What Was Wrong With v1
check the old version here: WhatsApp expense automation
v1 was an “all-in-one” service: WhatsApp session management, message parsing, OCR/AI calls, and Google Sheets writes lived in a single Node runtime. That meant:
- Chromium as a hard dependency (fragile, slow to start, high RAM usage).
- Single point of failure (one crash takes everything down).
- Tight coupling between WhatsApp ingestion and business logic.
- Operational friction for updates, restarts, and debugging.
What Changed In v2
v2 separates responsibilities:
- GoWA (connector): maintains WhatsApp connectivity and emits events.
- Go listener + parser (this project): receives webhooks, evaluates conditions, parses chat/media, and syncs to Google Sheets.
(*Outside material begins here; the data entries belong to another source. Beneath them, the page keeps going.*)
lemma ex_prod_mset_linear_dvd:
  fixes f :: "complex poly"
  assumes "m \<le> size (filter_mset P (proots f))"
  obtains N where "size N = m" "\<forall>a\<in>#N. P a" "(\<Prod>a\<in>#N. [:-a, 1:]) dvd f"
proof -
  obtain xs where xs: "mset xs = filter_mset P (proots f)"
    using ex_mset by blast
  define N where "N = mset (take m xs)"
  have "size N = m"
    using assms xs by (metis N_def length_take min.absorb2 size_mset)
  moreover have sub: "N \<subseteq># filter_mset P (proots f)"
    by (metis N_def xs append_take_drop_id mset_append mset_subset_eq_add_left)
  moreover have "(\<Prod>a\<in>#N. [:-a, 1:]) dvd f"
  proof -
    have "(\<Prod>a\<in>#N. [:-a, 1:]) dvd (\<Prod>a\<in>#proots f. [:-a, 1:])"
      using sub multiset_filter_subset subset_mset.order_trans
      by (intro prod_mset_subset_imp_dvd image_mset_subseteq_mono) blast
    also have "\<dots> dvd f"
      by (subst (2) complex_poly_decompose_multiset[symmetric]) (rule dvd_smult, simp)
    finally show ?thesis .
  qed
  moreover have "\<forall>a\<in>#N. P a"
    using sub by (auto dest: mset_subset_eqD)
  ultimately show thesis
    using that by blast
qed

lemma norm_coeff_prod_mset_linear_le:
  fixes N :: "complex multiset"
  assumes "\<forall>a\<in>#N. norm a \<le> 1"
  shows "norm (coeff (\<Prod>a\<in>#N. [:-a, 1:]) i) \<le> 2 ^ size N"
  using assms
proof (induction N arbitrary: i)
  case empty
  then show ?case by simp
next
  case (add x N)
  define r where "r = (\<Prod>a\<in>#N. [:-a, 1:])"
  have r: "norm (coeff r i) \<le> 2 ^ size N" for i
    using add by (simp add: r_def)
  have "norm (coeff (pCons 0 r - smult x r) i) \<le> 2 ^ size N + 2 ^ size N"
  proof (cases i)
    case 0
    have "norm x * norm (coeff r 0) \<le> 1 * 2 ^ size N"
      using r[of 0] add.prems by (intro mult_mono) auto
    moreover have "norm (coeff (pCons 0 r - smult x r) i) = norm x * norm (coeff r 0)"
      using 0 by (simp add: norm_mult)
    ultimately show ?thesis
      using zero_le_power[of "2::real" "size N"] by linarith
  next
    case (Suc i')
    have "norm (coeff r i' - x * coeff r i) \<le> norm (coeff r i') + norm x * norm (coeff r i)"
      using norm_triangle_ineq4 by (metis norm_mult)
    also have "\<dots> \<le> 2 ^ size N + 1 * 2 ^ size N"
      using r[of i'] r[of i] add.prems by (intro add_mono mult_mono) auto
    finally show ?thesis using Suc by simp
  qed
  moreover have "(\<Prod>a\<in>#add_mset x N. [:-a, 1:]) = pCons 0 r - smult x r"
    by (simp add: r_def algebra_simps)
  ultimately show ?case by simp
qed

lemma norm_coeff_prod_mset_linear_sub_monom_le:
  fixes N :: "complex multiset"
  assumes "\<forall>a\<in>#N. norm a \<le> e" and "e \<le> 1"
  shows "norm (coeff (\<Prod>a\<in>#N. [:-a, 1:]) i - coeff (monom 1 (size N)) i) \<le> (2 ^ size N - 1) * e"
  using assms(1)
proof (induction N arbitrary: i)
  case empty
  then show ?case by simp
next
  case (add x N)
  define r where "r = (\<Prod>a\<in>#N. [:-a, 1:])"
  have e: "0 \<le> e" "norm x \<le> e"
    using add.prems by (auto intro: order_trans[OF norm_ge_zero])
  have IH: "norm (coeff r i - coeff (monom 1 (size N)) i) \<le> (2 ^ size N - 1) * e" for i
    using add by (simp add: r_def)
  have "norm (x * coeff r i) \<le> e * 2 ^ size N"
    using norm_coeff_prod_mset_linear_le[of N i] add.prems e assms(2)
    by (auto simp: r_def norm_mult intro!: mult_mono intro: order_trans)
  moreover have "norm (coeff (pCons 0 r - smult x r) i - coeff (monom 1 (Suc (size N))) i)
      \<le> (2 ^ size N - 1) * e + norm (x * coeff r i)"
  proof (cases i)
    case 0
    then show ?thesis using e by simp
  next
    case (Suc i')
    then have "coeff (pCons 0 r - smult x r) i - coeff (monom 1 (Suc (size N))) i
        = (coeff r i' - coeff (monom 1 (size N)) i') - x * coeff r i"
      by simp
    then have "norm (coeff (pCons 0 r - smult x r) i - coeff (monom 1 (Suc (size N))) i)
        \<le> norm (coeff r i' - coeff (monom 1 (size N)) i') + norm (x * coeff r i)"
      by (simp only: norm_triangle_ineq4)
    then show ?thesis
      using IH[of i'] by linarith
  qed
  moreover have "(\<Prod>a\<in>#add_mset x N. [:-a, 1:]) = pCons 0 r - smult x r"
    by (simp add: r_def algebra_simps)
  ultimately have "norm (coeff (\<Prod>a\<in>#add_mset x N. [:-a, 1:]) i
      - coeff (monom 1 (size (add_mset x N))) i) \<le> (2 ^ size N - 1) * e + e * 2 ^ size N"
    by simp
  also have "\<dots> = (2 ^ size (add_mset x N) - 1) * e"
    by (simp add: algebra_simps)
  finally show ?case .
qed

section \<open>Counting zeros with Rouche's theorem\<close>

lemma zorder_poly:
  fixes p :: "complex poly"
  assumes "p \<noteq> 0"
  shows "zorder (poly p) a = int (order a p)"
proof -
  obtain q where q: "p = [:-a, 1:] ^ order a p * q" "\<not> [:-a, 1:] dvd q"
    using order_decomp[OF assms] by blast
  show ?thesis
  proof (rule zorder_eqI[of UNIV a "poly q"])
    show "poly q holomorphic_on UNIV"
      by (intro holomorphic_intros)
    show "poly q a \<noteq> 0"
      using q(2) by (simp add: poly_eq_0_iff_dvd)
    show "poly p w = poly q w * (w - a) powi int (order a p)" for w
      by (subst q(1)) (simp add: mult.commute)
  qed auto
qed

lemma winding_number_circlepath_eq_indicator:
  assumes "r > 0" and "z \<notin> sphere c r"
  shows "winding_number (circlepath c r) z = (if z \<in> ball c r then 1 else 0)"
proof (cases "z \<in> ball c r")
  case True
  then show ?thesis
    by (simp add: winding_number_circlepath dist_norm norm_minus_commute)
next
  case False
  with assms have "z \<notin> cball c r"
    by auto
  with False assms show ?thesis
    by (auto intro!: winding_number_zero_outside[of _ "cball c r"]
        simp: path_image_circlepath_nonneg)
qed

lemma Rouche_circlepath_sum_zorder:
  fixes f g :: "complex \<Rightarrow> complex"
  assumes f: "f holomorphic_on UNIV" and g: "g holomorphic_on UNIV" and "r > 0"
    and fin_f: "finite {z \<in> ball c (2 * r). f z = 0}" and fin_g: "finite {z \<in> ball c (2 * r). g z = 0}"
    and close: "\<And>z. z \<in> sphere c r \<Longrightarrow> norm (g z - f z) < norm (f z)"
  shows "(\<Sum>z\<in>{z \<in> ball c r. g z = 0}. zorder g z) = (\<Sum>z\<in>{z \<in> ball c r. f z = 0}. zorder f z)"
proof -
  define s where "s = ball c (2 * r)"
  define \<gamma> where "\<gamma> = circlepath c r"
  have sub: "ball c r \<subseteq> s" and img: "path_image \<gamma> = sphere c r"
    using \<open>r > 0\<close> by (auto simp: s_def \<gamma>_def path_image_circlepath_nonneg)
  have sum_eq: "(\<Sum>z\<in>{z \<in> s. h z = 0}. winding_number \<gamma> z * zorder h z)
      = of_int (\<Sum>z\<in>{z \<in> ball c r. h z = 0}. zorder h z)"
    if "finite {z \<in> s. h z = 0}" and "\<And>z. h z = 0 \<Longrightarrow> z \<notin> sphere c r" for h
  proof -
    have "(\<Sum>z\<in>{z \<in> s. h z = 0}. winding_number \<gamma> z * zorder h z)
        = (\<Sum>z\<in>{z \<in> s. h z = 0} \<inter> ball c r. of_int (zorder h z))"
      using that \<open>r > 0\<close>
      by (subst sum.inter_restrict) (auto simp: \<gamma>_def winding_number_circlepath_eq_indicator intro!: sum.cong)
    also have "{z \<in> s. h z = 0} \<inter> ball c r = {z \<in> ball c r. h z = 0}"
      using sub by auto
    finally show ?thesis
      by simp
  qed
  have "winding_number \<gamma> z = 0" if "z \<notin> s" for z
    using that \<open>r > 0\<close> unfolding \<gamma>_def
    by (intro winding_number_zero_outside[of _ "cball c r"]) (auto simp: s_def path_image_circlepath_nonneg)
  then have "(\<Sum>z\<in>{z \<in> s. f z + (g z - f z) = 0}. winding_number \<gamma> z * zorder (\<lambda>z. f z + (g z - f z)) z)
      = (\<Sum>z\<in>{z \<in> s. f z = 0}. winding_number \<gamma> z * zorder f z)"
    using fin_f fin_g close sub img holomorphic_on_subset[OF f] holomorphic_on_subset[OF g] \<open>r > 0\<close>
    by (intro Rouche_theorem) (auto simp: s_def \<gamma>_def intro!: holomorphic_intros)
  then have Rouche: "(\<Sum>z\<in>{z \<in> s. g z = 0}. winding_number \<gamma> z * zorder g z)
      = (\<Sum>z\<in>{z \<in> s. f z = 0}. winding_number \<gamma> z * zorder f z)"
    by simp
  have "(\<Sum>z\<in>{z \<in> s. g z = 0}. winding_number \<gamma> z * zorder g z)
      = of_int (\<Sum>z\<in>{z \<in> ball c r. g z = 0}. zorder g z)"
  proof (rule sum_eq)
    show "g z = 0 \<Longrightarrow> z \<notin> sphere c r" for z
      using close[of z] by auto
  qed (use fin_g in \<open>simp add: s_def\<close>)
  moreover have "(\<Sum>z\<in>{z \<in> s. f z = 0}. winding_number \<gamma> z * zorder f z)
      = of_int (\<Sum>z\<in>{z \<in> ball c r. f z = 0}. zorder f z)"
  proof (rule sum_eq)
    show "f z = 0 \<Longrightarrow> z \<notin> sphere c r" for z
      using close[of z] by auto
  qed (use fin_f in \<open>simp add: s_def\<close>)
  ultimately show ?thesis
    using Rouche by (metis of_int_eq_iff)
qed

lemma size_proots_in_ball_eq_card_zeros:
  fixes Q :: "complex poly" and f :: "complex \<Rightarrow> complex"
  assumes "Q \<noteq> 0" and f: "f holomorphic_on UNIV" and "r > 0"
    and "finite {z \<in> ball c (2 * r). f z = 0}"
    and simple: "\<And>z. f z = 0 \<Longrightarrow> deriv f z \<noteq> 0"
    and "\<And>z. z \<in> sphere c r \<Longrightarrow> norm (poly Q z - f z) < norm (f z)"
  shows "size (filter_mset (\<lambda>z. z \<in> ball c r) (proots Q)) = card {z \<in> ball c r. f z = 0}"
proof -
  have "finite {z \<in> ball c (2 * r). poly Q z = 0}"
    using poly_roots_finite[OF \<open>Q \<noteq> 0\<close>] by (rule finite_subset[rotated]) auto
  with assms have "(\<Sum>z\<in>{z \<in> ball c r. poly Q z = 0}. zorder (poly Q) z)
      = (\<Sum>z\<in>{z \<in> ball c r. f z = 0}. zorder f z)"
    by (intro Rouche_circlepath_sum_zorder) (auto intro: holomorphic_intros)
  also have "\<dots> = (\<Sum>z\<in>{z \<in> ball c r. f z = 0}. 1)"
    using f simple by (intro sum.cong refl zorder_zero_eqI[of f UNIV]) auto
  also have "\<dots> = card {z \<in> ball c r. f z = 0}"
    by simp
  also have "{z \<in> ball c r. poly Q z = 0} = {z \<in> set_mset (proots Q). z \<in> ball c r}"
    using \<open>Q \<noteq> 0\<close> by auto
  finally show ?thesis
    using \<open>Q \<noteq> 0\<close> by (simp add: zorder_poly size_multiset_overloaded_eq flip: of_nat_sum)
qed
- Webhook contract: both services communicate via HTTP webhooks (inbound events + outbound actions/acks).
This keeps the WhatsApp transport layer and the business logic independent, making the whole pipeline easier to maintain.
Key Improvements
- No browser automation: removes Puppeteer/Headless Chrome from the runtime entirely.
- Lean resource profile: better fit for always-on deployment in a home lab.
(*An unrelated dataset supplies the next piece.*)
(* Let $n\ge5$ and let $R\in\mathcal C_{1,0}$. Then $R$ lies in the PIC2 cone. Moreover, if $\mathrm{Ric}(R)(v,v)=0$ for some unit vector $v\in\mathbb{R}^n$, then $R=c\,(\mathrm{id}-2\,v\otimes v)\odot\mathrm{id}$ for some constant $c\ge0$ (i.e. either $R=0$ or $R$ is the curvature tensor of a round cylinder $S^{n-1}\times\mathbb{R}$ with axis $v$).
   Context: An algebraic curvature tensor on $\mathbb{R}^n$ is a tensor $R=(R_{ijkl})$ with $R_{ijkl}=-R_{jikl}=R_{klij}$ and $R_{ijkl}+R_{jkil}+R_{kijl}=0$; the unit round sphere has $R_{ijkl}=\delta_{ik}\delta_{jl}-\delta_{il}\delta_{jk}$. We write $\mathrm{Ric}(R)_{ik}=\sum_j R_{ijkj}$, $\mathrm{scal}(R)=\sum_i\mathrm{Ric}(R)_{ii}$, $\mathrm{Ric}_0(R)=\mathrm{Ric}(R)-\frac1n\mathrm{scal}(R)\,\mathrm{id}$. For symmetric bilinear forms $A,B$, $(A\odot B)_{ijkl}=A_{ik}B_{jl}-A_{il}B_{jk}-A_{jk}B_{il}+A_{jl}B_{ik}$; $\mathrm{id}=(\delta_{ij})$. The PIC2 cone is the set of algebraic curvature tensors $R$ with $R(z,w,\bar z,\bar w)\ge0$ for all $z,w\in\mathbb{C}^n$ ($R$ extended complex-multilinearly). For $\sigma\in(0,2]$ and $\theta\ge0$, $\mathcal{C}_{\sigma,\theta}$ denotes the set of algebraic curvature tensors $R$ that can be written $R=S+H\odot\mathrm{id}$, where $S$ is an algebraic curvature tensor in the PIC2 cone with $\mathrm{Ric}_0(S)=0$ and $H$ is a symmetric bilinear form with $\mathrm{tr}(H)\,\mathrm{id}-(n-2\sigma)H$ positive semidefinite and $\mathrm{tr}(H)-\theta\,\mathrm{scal}(S)\ge0$. *)

theory Defs
  imports Complex_Main "HOL-Library.Cardinality"
begin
- Clear boundaries: connector vs. app logic, with webhooks as the interface.
- Safer execution: the listener only runs when conditions match (e.g., allowed chats, commands, or message types).
Runtime Impact (Real Observability)
Reflection
The biggest takeaway from this rewrite was that architecture is a feature. The user experience stays the same—“log expenses by chatting”—but the system behind it is now built to be run continuously, observed, and improved without fighting its own dependencies.